(* Let $\alpha:R\to R'$ be a Jordan homomorphism and let $R''$ be the subring of $R'$ generated by $R^\alpha$. Let $H$ and $H''$ be the centres of $E_2(R)$ and $E_2(R'')$, respectively. Then: (a) for every finite sequence $T$ in $R$, $E(T)\in H$ implies $E(T^\alpha)\in H''$; (b) the set $N_\alpha:=\{E(T^\alpha)\mid T \text{ a finite sequence in } R \text{ with } E(T)=I\}$ is contained in $H''$; (c) $N_\alpha$ is a normal subgroup of $E_2(R'')$, and the mapping $\alpha_E:E_2(R)\to E_2(R'')/N_\alpha$, $E(T)\mapsto N_\alpha\cdot E(T^\alpha)$ (for finite sequences $T$ in $R$) is a well defined homomorphism of groups.
   Context: Rings are associative with $1$, preserved by homomorphisms and inherited by subrings. A Jordan homomorphism $\alpha:R\to R'$ is a map with $(a+b)^\alpha=a^\alpha+b^\alpha$, $1^\alpha=1'$, $(aba)^\alpha=a^\alpha b^\alpha a^\alpha$ for all $a,b\in R$. For $t$ in a ring let $E(t):=\begin{pmatrix} t&1\\-1&0\end{pmatrix}$; for a finite sequence $T=(t_1,\ldots,t_n)$ ($n\geq 0$) let $E(T):=E(t_1)E(t_2)\cdots E(t_n)$ (the identity $I$ if $n=0$), and $T^\alpha:=(t_1^\alpha,\ldots,t_n^\alpha)$. $E_2(R)$ is the subgroup of $GL_2(R)$ generated by all $E(t)$, $t\in R$; every element of $E_2(R)$ has the form $E(T)$. Its centre is $E_2(R)\cap\{\mathrm{diag}(a,a)\mid a \text{ a central unit of } R\}$. *)

theory Defs
  imports "HOL-Analysis.Analysis" "HOL-Algebra.Algebra"
begin

definition jordan_hom :: "('a::ring_1 \<Rightarrow> 'b::ring_1) \<Rightarrow> bool" where
  "jordan_hom \<alpha> \<longleftrightarrow>
     (\<forall>a b. \<alpha> (a + b) = \<alpha> a + \<alpha> b) \<and> \<alpha> 1 = 1 \<and>
     (\<forall>a b. \<alpha> (a * b * a) = \<alpha> a * \<alpha> b * \<alpha> a)"

definition subring_gen :: "'b::ring_1 set \<Rightarrow> 'b set" where
  "subring_gen S = \<Inter>{A. S \<subseteq> A \<and> 1 \<in> A \<and> 0 \<in> A \<and>
      (\<forall>x\<in>A. \<forall>y\<in>A. x + y \<in> A \<and> x - y \<in> A \<and> x * y \<in> A)}"

definition Emat1 :: "'a::ring_1 \<Rightarrow> 'a^2^2" where
  "Emat1 t = (\<chi> i j. if i = 1 then (if j = 1 then t else 1)
                     else (if j = 1 then -1 else 0))"

definition Emat :: "'a::ring_1 list \<Rightarrow> 'a^2^2" where
  "Emat T = foldr (\<lambda>t M. Emat1 t ** M) T (mat 1)"

definition M2 :: "'a::ring_1 itself \<Rightarrow> ('a^2^2) monoid" where
  "M2 _ = \<lparr>carrier = UNIV, mult = (**), one = mat 1\<rparr>"

definition GL2 :: "'a::ring_1 itself \<Rightarrow> ('a^2^2) monoid" where
  "GL2 x = units_of (M2 x)"

definition E2 :: "'a::ring_1 set \<Rightarrow> ('a^2^2) set" where
  "E2 S = generate (GL2 TYPE('a)) (Emat1 ` S)"

definition E2grp :: "'a::ring_1 set \<Rightarrow> ('a^2^2) monoid" where
  "E2grp S = (GL2 TYPE('a))\<lparr>carrier := E2 S\<rparr>"

definition centre :: "('g, 'c) monoid_scheme \<Rightarrow> 'g set" where
  "centre G = {z \<in> carrier G. \<forall>g\<in>carrier G. z \<otimes>\<^bsub>G\<^esub> g = g \<otimes>\<^bsub>G\<^esub> z}"

end

theory Submission
  imports Defs
begin

text \<open>A central element of \<open>E\<^sub>2(R)\<close> is a scalar \<open>a I\<close> with \<open>a\<close> central. For a row of
  \<open>E(T)\<close> and a column of \<open>E(rev T)\<close>, the products \<open>row \<cdot> M \<cdot> column\<close> are built from \<open>M\<close> by
  Jordan triple products, so a Jordan homomorphism commutes with them. Since \<open>E(rev T)\<close> is
  \<open>E(T)\<^sup>-\<^sup>1\<close> up to conjugation by the swap matrix, this forces the upper right entry of
  \<open>E(T\<^sup>\<alpha>)\<close> to vanish whenever \<open>E(T)\<close> is scalar. Applied to the conjugates of a central
  \<open>E(T)\<close> by \<open>E(0)\<close> and \<open>E(s)\<close>, it shows that \<open>E(T\<^sup>\<alpha>)\<close> is a scalar commuting with
  \<open>R\<^sup>\<alpha>\<close>, hence central in \<open>E\<^sub>2(R'')\<close>. So \<open>N\<^sub>\<alpha>\<close> is central and thus normal, and
  \<open>E(T) = E(S)\<close> puts \<open>E(T\<^sup>\<alpha>) E(S\<^sup>\<alpha>)\<^sup>-\<^sup>1\<close> into \<open>N\<^sub>\<alpha>\<close>, which makes \<open>\<alpha>\<^sub>E\<close> well defined.\<close>

definition mat2 :: "'a::ring_1 \<Rightarrow> 'a \<Rightarrow> 'a \<Rightarrow> 'a \<Rightarrow> 'a^2^2" where
  "mat2 a b c d = (\<chi> i j. if i = 1 then (if j = 1 then a else b) else (if j = 1 then c else d))"

lemma mat2_nth [simp]:
  "mat2 a b c d $ 1 $ 1 = a" "mat2 a b c d $ 1 $ 2 = b"
  "mat2 a b c d $ 2 $ 1 = c" "mat2 a b c d $ 2 $ 2 = d"
  by (simp_all add: mat2_def)

lemma mat2_eta: "M = mat2 (M$1$1) (M$1$2) (M$2$1) (M$2$2)"
  by (auto simp: mat2_def vec_eq_iff forall_2)

lemma mat2_eq_iff [simp]:
  "mat2 a b c d = mat2 a' b' c' d' \<longleftrightarrow> a = a' \<and> b = b' \<and> c = c' \<and> d = d'"
  by (auto simp: mat2_def vec_eq_iff forall_2)

lemma mat2_mult [simp]:
  "mat2 a b c d ** mat2 a' b' c' d' =
     mat2 (a * a' + b * c') (a * b' + b * d') (c * a' + d * c') (c * b' + d * d')"
  by (simp add: mat2_def vec_eq_iff forall_2 matrix_matrix_mult_def sum_2)

lemma mat_1_eq_mat2: "mat 1 = mat2 1 0 0 1"
  by (simp add: mat2_def mat_def vec_eq_iff forall_2)

lemma Emat1_eq_mat2: "Emat1 t = mat2 t 1 (-1) 0"
  by (simp add: mat2_def Emat1_def vec_eq_iff forall_2)

lemma Emat_Nil [simp]: "Emat [] = mat 1"
  and Emat_Cons [simp]: "Emat (t # T) = Emat1 t ** Emat T"
  by (simp_all add: Emat_def)

lemma Emat_append: "Emat (T @ S) = Emat T ** Emat S"
  by (induction T) (simp_all add: matrix_mul_assoc)

lemma Emat1_mult_entries:
  "(Emat1 t ** M) $ 1 $ 1 = t * M $ 1 $ 1 + M $ 2 $ 1"
  "(Emat1 t ** M) $ 2 $ 1 = - M $ 1 $ 1"
  and mult_Emat1_entries:
  "(M ** Emat1 t) $ 1 $ 1 = M $ 1 $ 1 * t - M $ 1 $ 2"
  "(M ** Emat1 t) $ 1 $ 2 = M $ 1 $ 1"
  by (subst mat2_eta[of M], simp add: Emat1_eq_mat2)+

lemma jordan_hom_add: "jordan_hom f \<Longrightarrow> f (a + b) = f a + f b"
  and jordan_hom_one: "jordan_hom f \<Longrightarrow> f 1 = 1"
  and jordan_hom_sandwich: "jordan_hom f \<Longrightarrow> f (a * b * a) = f a * f b * f a"
  by (simp_all add: jordan_hom_def)

lemma jordan_hom_zero: "jordan_hom f \<Longrightarrow> f 0 = 0"
  using jordan_hom_add[of f 0 0] by simp

lemma jordan_hom_uminus: "jordan_hom f \<Longrightarrow> f (- a) = - f a"
  using jordan_hom_add[of f a "- a"] by (simp add: jordan_hom_zero) (metis neg_eq_iff_add_eq_0)

lemma jordan_hom_triple:
  assumes "jordan_hom f"
  shows "f (a * b * c + c * b * a) = f a * f b * f c + f c * f b * f a"
proof -
  have "f (a * b * a) + f (a * b * c + c * b * a) + f (c * b * c) = f ((a + c) * b * (a + c))"
    by (simp only: jordan_hom_add[OF assms, symmetric]) (simp add: algebra_simps)
  also have "\<dots> = (f a + f c) * f b * (f a + f c)"
    using assms by (simp add: jordan_hom_sandwich jordan_hom_add)
  also have "\<dots> = f a * f b * f a + (f a * f b * f c + f c * f b * f a) + f c * f b * f c"
    by (simp add: algebra_simps)
  finally show ?thesis
    using assms by (simp add: jordan_hom_sandwich)
qed

subsection \<open>Transport of continuant expressions along a Jordan homomorphism\<close>

text \<open>\<open>sandwich_entry T x y w z = a M c\<close>, where \<open>a\<close> is the first row of \<open>E(T)\<close>,
  \<open>M = [[x,y],[w,z]]\<close> and \<open>c\<close> is the first column of \<open>E(rev T)\<close> with its second entry
  negated. Appending \<open>t\<close> to \<open>T\<close> replaces \<open>M\<close> by \<open>E(t) M E(t)\<^sup>T\<close>, whose entries are
  Jordan triple products in \<open>t\<close> and the entries of \<open>M\<close>; \<open>jordan_compatible\<close> is the
  invariant preserved by this step.\<close>

definition sandwich_entry :: "'a::ring_1 list \<Rightarrow> 'a \<Rightarrow> 'a \<Rightarrow> 'a \<Rightarrow> 'a \<Rightarrow> 'a" where
  "sandwich_entry T x y w z =
     Emat T $ 1 $ 1 * x * Emat (rev T) $ 1 $ 1 - Emat T $ 1 $ 1 * y * Emat (rev T) $ 2 $ 1
   + Emat T $ 1 $ 2 * w * Emat (rev T) $ 1 $ 1 - Emat T $ 1 $ 2 * z * Emat (rev T) $ 2 $ 1"

lemma sandwich_entry_Nil: "sandwich_entry [] x y w z = x"
  by (simp add: sandwich_entry_def mat_1_eq_mat2)

lemma sandwich_entry_snoc:
  "sandwich_entry (T @ [t]) x y w z =
     sandwich_entry T (t * x * t + t * y + w * t + z) (- (t * x + w)) (- (x * t + y)) x"
  by (simp add: sandwich_entry_def Emat_append matrix_mul_rid Emat1_mult_entries mult_Emat1_entries
      algebra_simps)

definition jordan_compatible ::
    "('a::ring_1 \<Rightarrow> 'b::ring_1) \<Rightarrow> 'a \<Rightarrow> 'a \<Rightarrow> 'a \<Rightarrow> 'a \<Rightarrow> 'b \<Rightarrow> 'b \<Rightarrow> 'b \<Rightarrow> 'b \<Rightarrow> bool" where
  "jordan_compatible f x y w z x' y' w' z' \<longleftrightarrow> f x = x' \<and> f z = z' \<and>
     (\<forall>s. f (s * y + w * s) = f s * y' + w' * f s) \<and> (\<forall>s. f (y * s + s * w) = y' * f s + f s * w')"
----
§ Exercise objective:
Report each line of the records that holds the word "rparr".

§ Task solution:
  "M2 _ = \<lparr>carrier = UNIV, mult = (**), one = mat 1\<rparr>"
  "E2grp S = (GL2 TYPE('a))\<lparr>carrier := E2 S\<rparr>"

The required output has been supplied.